Both "You Lie" and "Waitin' For the Deal to Go Down" were previously recorded by country singer Cee Cee Chapman on her 1988 album Twist of Fate, and the latter was covered in 1992 by the short-lived country music band Dixiana on their self-titled album. Their version was released as a single that year, peaking at #39 on the country charts.

The album debuted at #17 on the Billboard Top Country Albums for the week of September 29, 1990, and jumped to number 3 the next week then peaked at #2 the next week. The album stayed in the Top 10 for 26 weeks.

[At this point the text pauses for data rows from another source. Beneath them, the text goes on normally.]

(* Let $F$ be a finite field of characteristic $3$. Let $k\ge 0$ be an integer, $m=3k+1$, and $t$ an integer with $t^3\equiv 1\pmod m$ and $\gcd(m,t-1)=1$. Let $G=T_{3m}=\langle x,y\mid x^m=y^3=1,\ y^{-1}xy=x^t\rangle$ (of order $3m$), $FG$ its group algebra, and $H=\langle x\rangle$. Then $J(FG)\cap\Delta(G,H)=0$.
   Context: $J(FG)$ is the Jacobson radical of $FG$. $H=\langle x\rangle$ is a normal subgroup of $G$, and $\Delta(G,H)$ is the ideal of $FG$ generated by $\{h-1\mid h\in H\}$. *)

theory Defs
  imports "HOL-Algebra.Ideal" "HOL-Algebra.Generated_Groups"
begin

definition group_algebra :: "('g, 'b) monoid_scheme \<Rightarrow> ('g \<Rightarrow> 'f::field) ring" where
  "group_algebra G =
     \<lparr>carrier = {f. \<forall>g. g \<notin> carrier G \<longrightarrow> f g = 0},
      mult = (\<lambda>f h g. if g \<in> carrier G
                      then (\<Sum>a\<in>carrier G. f a * h (inv\<^bsub>G\<^esub> a \<otimes>\<^bsub>G\<^esub> g)) else 0),
      one = (\<lambda>g. if g = \<one>\<^bsub>G\<^esub> then 1 else 0),
      zero = (\<lambda>g. 0),
      add = (\<lambda>f h g. f g + h g)\<rparr>"

definition grp_elt :: "('g, 'b) monoid_scheme \<Rightarrow> 'g \<Rightarrow> ('g \<Rightarrow> 'f::field)" where
  "grp_elt G h = (\<lambda>g. if g = h then 1 else 0)"

definition rel_aug_ideal :: "('g, 'b) monoid_scheme \<Rightarrow> 'g set \<Rightarrow> ('g \<Rightarrow> 'f::field) set" where
  "rel_aug_ideal G H =
     genideal (group_algebra G) {(\<lambda>g. grp_elt G h g - grp_elt G \<one>\<^bsub>G\<^esub> g) | h. h \<in> H}"

definition left_ideal :: "('a, 'c) ring_scheme \<Rightarrow> 'a set \<Rightarrow> bool" where
  "left_ideal R I \<longleftrightarrow> additive_subgroup I R \<and>
     (\<forall>r\<in>carrier R. \<forall>a\<in>I. r \<otimes>\<^bsub>R\<^esub> a \<in> I)"

definition maximal_left_ideal :: "('a, 'c) ring_scheme \<Rightarrow> 'a set \<Rightarrow> bool" where
  "maximal_left_ideal R I \<longleftrightarrow> left_ideal R I \<and> I \<noteq> carrier R \<and>
     (\<forall>K. left_ideal R K \<longrightarrow> I \<subseteq> K \<longrightarrow> K = I \<or> K = carrier R)"

definition jacobson_radical :: "('a, 'c) ring_scheme \<Rightarrow> 'a set" where
  "jacobson_radical R = carrier R \<inter> \<Inter>{I. maximal_left_ideal R I}"

end

theory Submission
  imports Defs "HOL-Library.Function_Algebras" "HOL-Algebra.Multiplicative_Group"
begin

(* Write E = hat G H for the sum of the elements of H = <x>, and N = hat G Y = 1 + y + y\<inverse>.
   Since y acts on H without fixed points, h \<mapsto> h w h\<inverse> w\<inverse> permutes H for w = y, y\<inverse>;
   as |H| = m = 1 in F, this gives K := (\<Sum>h\<in>H. h N h\<inverse>) = 1 + E y + E y\<inverse>.
   Hence K acts as the identity, from either side, on the annihilator of the central
   element E, which contains \<Delta>(G,H).
   For z \<in> J(FG) and h \<in> H, the element N z h N is right y-invariant, so it equals l N
   with l \<in> FH (the functions supported on H), and u = h N z satisfies u u = l u.
   Elements of the Jacobson radical of the finite ring FG are nilpotent, hence so is l;
   but FH is reduced, since in characteristic 3 cubing is additive on the commutative
   algebra FH and injective on H (3 does not divide m). So N z h N = 0.
   Finally, for z \<in> J(FG) \<inter> \<Delta>(G,H) the element z h N = K z h N is a sum of terms
   h' N (h'\<inverse> z) h N = 0, and z = z K = (\<Sum>h\<in>H. z h N h\<inverse>) = 0. *)

lemma (in ring) left_ideal_cgenideal:
  assumes a: "a \<in> carrier R"
  shows "left_ideal R (PIdl a)"
proof -
  have "subgroup (PIdl a) (add_monoid R)"
  proof (rule add.subgroupI)
    show "PIdl a \<subseteq> carrier R" and "PIdl a \<noteq> {}"
      using a cgenideal_self[OF a] by (auto simp: cgenideal_def)
  next
    fix b assume "b \<in> PIdl a"
    then obtain u where "u \<in> carrier R" "b = u \<otimes> a"
      by (auto simp: cgenideal_def)
    then show "\<ominus> b \<in> PIdl a"
      using a by (auto simp: cgenideal_def l_minus intro!: exI[of _ "\<ominus> u"])
  next
    fix b c assume "b \<in> PIdl a" "c \<in> PIdl a"
    then obtain u v where "u \<in> carrier R" "v \<in> carrier R" "b = u \<otimes> a" "c = v \<otimes> a"
      by (auto simp: cgenideal_def)
    then show "b \<oplus> c \<in> PIdl a"
      using a by (auto simp: cgenideal_def l_distr intro!: exI[of _ "u \<oplus> v"])
  qed
  moreover have "r \<otimes> b \<in> PIdl a" if r: "r \<in> carrier R" and "b \<in> PIdl a" for r b
  proof -
    obtain u where "u \<in> carrier R" "b = u \<otimes> a"
      using \<open>b \<in> PIdl a\<close> by (auto simp: cgenideal_def)
    then show ?thesis
      using r a by (auto simp: cgenideal_def m_assoc intro!: exI[of _ "r \<otimes> u"])
  qed
  ultimately show ?thesis
    by (simp add: left_ideal_def additive_subgroup_def)
qed

lemma (in ring) left_ideal_in_maximal_left_ideal:
  assumes fin: "finite (carrier R)" and I: "left_ideal R I" and proper: "I \<noteq> carrier R"
  obtains M where "maximal_left_ideal R M" and "I \<subseteq> M"
proof -
  let ?L = "{K. left_ideal R K \<and> K \<noteq> carrier R \<and> I \<subseteq> K}"
  have "?L \<subseteq> Pow (carrier R)"
    unfolding left_ideal_def using additive_subgroup.a_subset by blast
  then have "finite ?L"
    using fin by (meson finite_Pow_iff finite_subset)
  moreover have "I \<in> ?L"
    using I proper by simp
  ultimately have "\<exists>M\<in>?L. \<forall>K\<in>?L. M \<subseteq> K \<longrightarrow> M = K"
    by (intro finite_has_maximal) auto
  then obtain M where M: "M \<in> ?L" and max: "\<forall>K\<in>?L. M \<subseteq> K \<longrightarrow> M = K"
    by (elim bexE)
  have "maximal_left_ideal R M"
    unfolding maximal_left_ideal_def
  proof (intro conjI allI impI)
    show "left_ideal R M" and "M \<noteq> carrier R"
      using M by simp_all
    fix K assume "left_ideal R K" "M \<subseteq> K"
    then have "K \<noteq> carrier R \<Longrightarrow> K \<in> ?L"
      using M by auto
    then show "K = M \<or> K = carrier R"
      using max \<open>M \<subseteq> K\<close> by auto
  qed
  then show thesis
    using that M by blast
qed

lemma (in ring) jacobson_radical_left_mult:
  assumes r: "r \<in> carrier R" and z: "z \<in> jacobson_radical R"
  shows "r \<otimes> z \<in> jacobson_radical R"
  using assms unfolding jacobson_radical_def maximal_left_ideal_def left_ideal_def by auto

lemma (in monoid) finite_idempotent_power:
  assumes fin: "finite (carrier G)" and z: "z \<in> carrier G"
  obtains c :: nat where "c > 0" and "z [^] c \<otimes> z [^] c = z [^] c"
proof -
  have "\<not> inj (\<lambda>n::nat. z [^] n)"
  proof
    assume "inj (\<lambda>n::nat. z [^] n)"
    moreover have "range (\<lambda>n::nat. z [^] n) \<subseteq> carrier G"
      using z by auto
    ultimately show False
      using fin by (meson finite_imageD finite_subset infinite_UNIV_nat)
  qed
  then obtain a b :: nat where "a < b" and ab: "z [^] a = z [^] b"
    by (metis inj_on_def linorder_neqE_nat UNIV_I)
  define p where "p = b - a"
  have "p > 0" and period: "z [^] (a + p) = z [^] a"
    using \<open>a < b\<close> ab by (simp_all add: p_def)
  have periodic: "z [^] (i + q * p) = z [^] i" if "a \<le> i" for i q
  proof (induction q)
    case (Suc q)
    have "z [^] (i + Suc q * p) = z [^] (i - a) \<otimes> z [^] (a + p) \<otimes> z [^] (q * p)"
      using that z by (simp add: nat_pow_mult m_assoc algebra_simps)
    also have "\<dots> = z [^] (i + q * p)"
      using that z by (simp add: period nat_pow_mult)
    finally show ?case
      using Suc by simp
  qed simp
  define c where "c = (a + 1) * p"
  have "a \<le> c"
    using \<open>p > 0\<close> by (simp add: c_def trans_le_add2)
  then have "z [^] c \<otimes> z [^] c = z [^] c"
    using periodic[of c "a + 1"] z by (simp add: nat_pow_mult c_def)
  moreover have "c > 0"
    using \<open>p > 0\<close> by (simp add: c_def trans_le_add2)
  ultimately show thesis
    using that by blast
qed

lemma (in ring) idempotent_in_maximal_left_ideals_eq_zero:
  assumes fin: "finite (carrier R)" and e: "e \<in> carrier R" and idem: "e \<otimes> e = e"
    and in_max: "\<And>M. maximal_left_ideal R M \<Longrightarrow> e \<in> M"
  shows "e = \<zero>"
proof (rule ccontr)
  assume "e \<noteq> \<zero>"
  let ?w = "\<one> \<ominus> e"
  have w: "?w \<in> carrier R"
    using e by simp
  have "\<one> \<notin> PIdl ?w"
  proof
    assume "\<one> \<in> PIdl ?w"
    then obtain s where s: "s \<in> carrier R" and s_w: "s \<otimes> ?w = \<one>"
      by (auto simp: cgenideal_def)
    have "?w \<otimes> e = \<zero>"
      using e idem by (simp add: minus_eq l_distr l_minus r_neg)
    then have "s \<otimes> ?w \<otimes> e = \<zero>"
      using s e by (simp add: m_assoc)
    then show False
      using \<open>e \<noteq> \<zero>\<close> e by (simp add: s_w)
  qed
  then obtain M where M: "maximal_left_ideal R M" and "PIdl ?w \<subseteq> M"
    using left_ideal_in_maximal_left_ideal[OF fin left_ideal_cgenideal[OF w]] by blast
  then have "?w \<in> M"
    using w cgenideal_self[OF w] by blast
  have "additive_subgroup M R" and M_mult: "\<forall>r\<in>carrier R. \<forall>a\<in>M. r \<otimes> a \<in> M"
    using M by (simp_all add: maximal_left_ideal_def left_ideal_def)
  then have "?w \<oplus> e \<in> M"
    using \<open>?w \<in> M\<close> in_max[OF M] by (simp add: additive_subgroup.a_closed)
  moreover have "?w \<oplus> e = \<one>"
    using e by (simp add: minus_eq a_assoc l_neg)
  ultimately have "\<one> \<in> M"
    by simp
  have "carrier R \<subseteq> M"
  proof
    fix r assume "r \<in> carrier R"
    then show "r \<in> M"
      using M_mult \<open>\<one> \<in> M\<close> r_one by force
  qed
  then show False
    using M additive_subgroup.a_subset[OF \<open>additive_subgroup M R\<close>]
    by (auto simp: maximal_left_ideal_def)
qed

lemma (in ring) finite_jacobson_radical_nil:
  assumes fin: "finite (carrier R)" and z: "z \<in> jacobson_radical R"
  obtains n :: nat where "z [^] n = \<zero>"
proof -
  have zc: "z \<in> carrier R"
    using z by (simp add: jacobson_radical_def)
  obtain c :: nat where "c > 0" and idem: "z [^] c \<otimes> z [^] c = z [^] c"
    using finite_idempotent_power[OF fin zc] .
  have "z [^] c = z [^] (c - 1) \<otimes> z"
    using \<open>c > 0\<close> by (metis Suc_diff_1 nat_pow_Suc)
  then have "z [^] c \<in> jacobson_radical R"
    using jacobson_radical_left_mult[OF _ z] zc by simp
  then have "z [^] c = \<zero>"
    using idempotent_in_maximal_left_ideals_eq_zero[OF fin _ idem] zc
    by (auto simp: jacobson_radical_def)
  then show thesis
    using that by blast
qed

lemma (in ring) ideal_annihilator_central:
  assumes e: "e \<in> carrier R" and central: "\<And>r. r \<in> carrier R \<Longrightarrow> e \<otimes> r = r \<otimes> e"
  shows "ideal {a \<in> carrier R. e \<otimes> a = \<zero>} R"
proof (rule idealI[OF ring_axioms])
  show "subgroup {a \<in> carrier R. e \<otimes> a = \<zero>} (add_monoid R)"
    by (rule add.subgroupI) (auto simp: e r_distr r_minus)
next
  fix a r assume "a \<in> {a \<in> carrier R. e \<otimes> a = \<zero>}" and r: "r \<in> carrier R"
  then have a: "a \<in> carrier R" and ea: "e \<otimes> a = \<zero>"
    by auto
  have "e \<otimes> (r \<otimes> a) = (e \<otimes> r) \<otimes> a"
    using a r e by (simp add: m_assoc)
  also have "\<dots> = r \<otimes> (e \<otimes> a)"
    using a r e central by (simp add: m_assoc)
  also have "\<dots> = \<zero>"
    using r by (simp add: ea)
  finally show "r \<otimes> a \<in> {a \<in> carrier R. e \<otimes> a = \<zero>}"
    using a r by simp
  have "e \<otimes> (a \<otimes> r) = (e \<otimes> a) \<otimes> r"
    using a r e by (simp add: m_assoc)
  also have "\<dots> = \<zero>"
    using r by (simp add: ea)
  finally show "a \<otimes> r \<in> {a \<in> carrier R. e \<otimes> a = \<zero>}"
    using a r by simp
qed

lemma (in ring) zero_mem_jacobson_radical: "\<zero> \<in> jacobson_radical R"
  by (auto simp: jacobson_radical_def maximal_left_ideal_def left_ideal_def
      intro: additive_subgroup.zero_closed)

lemma (in ring) zero_mem_genideal: "\<zero> \<in> Idl S"
  by (auto simp: genideal_def intro: additive_subgroup.zero_closed[OF ideal.axioms(1)])

definition supported_on :: "'a set \<Rightarrow> ('a \<Rightarrow> 'b::zero) set" where
  "supported_on S = {f. \<forall>g. g \<notin> S \<longrightarrow> f g = 0}"

definition conv :: "('g, 'b) monoid_scheme \<Rightarrow> ('g \<Rightarrow> 'f::field) \<Rightarrow> ('g \<Rightarrow> 'f) \<Rightarrow> 'g \<Rightarrow> 'f" where
  "conv G f h = (\<lambda>g. if g \<in> carrier G then (\<Sum>a\<in>carrier G. f a * h (inv\<^bsub>G\<^esub> a \<otimes>\<^bsub>G\<^esub> g)) else 0)"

A 30th Anniversary Edition of the album was released on September 11, 2020, and includes two bonus tracks: a new remix of "Fancy" by Dave Audé and a live version of "Fancy" recorded at the Ryman Auditorium in 2020. The remix version was not included on the LP vinyl release of the 30th Anniversary Edition. In 2026, the album was selected by the Library of Congress for preservation in the National Recording Registry for its "cultural, historical or aesthetic importance in the nation's recorded sound heritage."

== Personnel ==

Vocals

- Reba McEntire – lead vocals, backing vocals
- Bob Bailey – backing vocals
- Kim Fleming – backing vocals
- Vince Gill – backing vocals
- Vicki Hampton – backing vocals
- Yvonne Hodges – backing vocals
- Pamela Quillon – backing vocals
- Harry Stinson – backing vocals
- Paula Kaye Wallace – backing vocals
- Suzy Wills – backing vocals

Musicians

- John Barlow Jarvis – keyboards
- Matt Rollings – keyboards
- Kirk Cappello – synthesizers
- Steve Gibson – acoustic guitars, electric guitar, slide guitar, mandolin
- Dann Huff – electric guitar
- Steve Fishell – steel guitar
- Edgar Meyer – arco bass
- Michael Rhodes – bass guitar
- Larrie Londin – drums

Production
- Tony Brown – producer
- Reba McEntire – producer, make-up
- John Guess – recording, mixing, mastering
- Marty Williams – second engineer
- Milan Bogdan – digital editing
- Glenn Meadows – mastering
- Jessie Noble – project coordinator
- Mickey Braithwaite – art direction, design
- Jim "Señor" McGuire – photography
- Paul Elledge – back cover photography
- Linda DeMith – make-up
- Sheri McCoy – wardrobe
- Ann Payne-Rice – wardrobe

==Charts==

===Weekly charts===

| Chart (1990) | Peak position |
|---|---|
| US Billboard 200 | 39 |
| US Top Country Albums (Billboard) | 2 |

===Year-end charts===

| Chart (1990) | Position |
|---|---|
| US Top Country Albums (Billboard) | 65 |
| Chart (1991) | Position |
| US Billboard 200 | 63 |
| US Top Country Albums (Billboard) | 4 |

===Singles===

| Year | Song | Chart positions |  |
| US Country | CAN Country |
| 1990 | "You Lie" | 1 | 1 |
| "Rumor Has It" | 3 | 1 |
| 1991 | "Fancy" | 8 | 8 |
| "Fallin' Out of Love" | 2 | 1 |

==Certifications and sales==

| Region | Certification | Certified units/sales |
| United States (RIAA) | 3× Platinum | 3,000,000^{^} |
^{^} Shipments figures based on certification alone.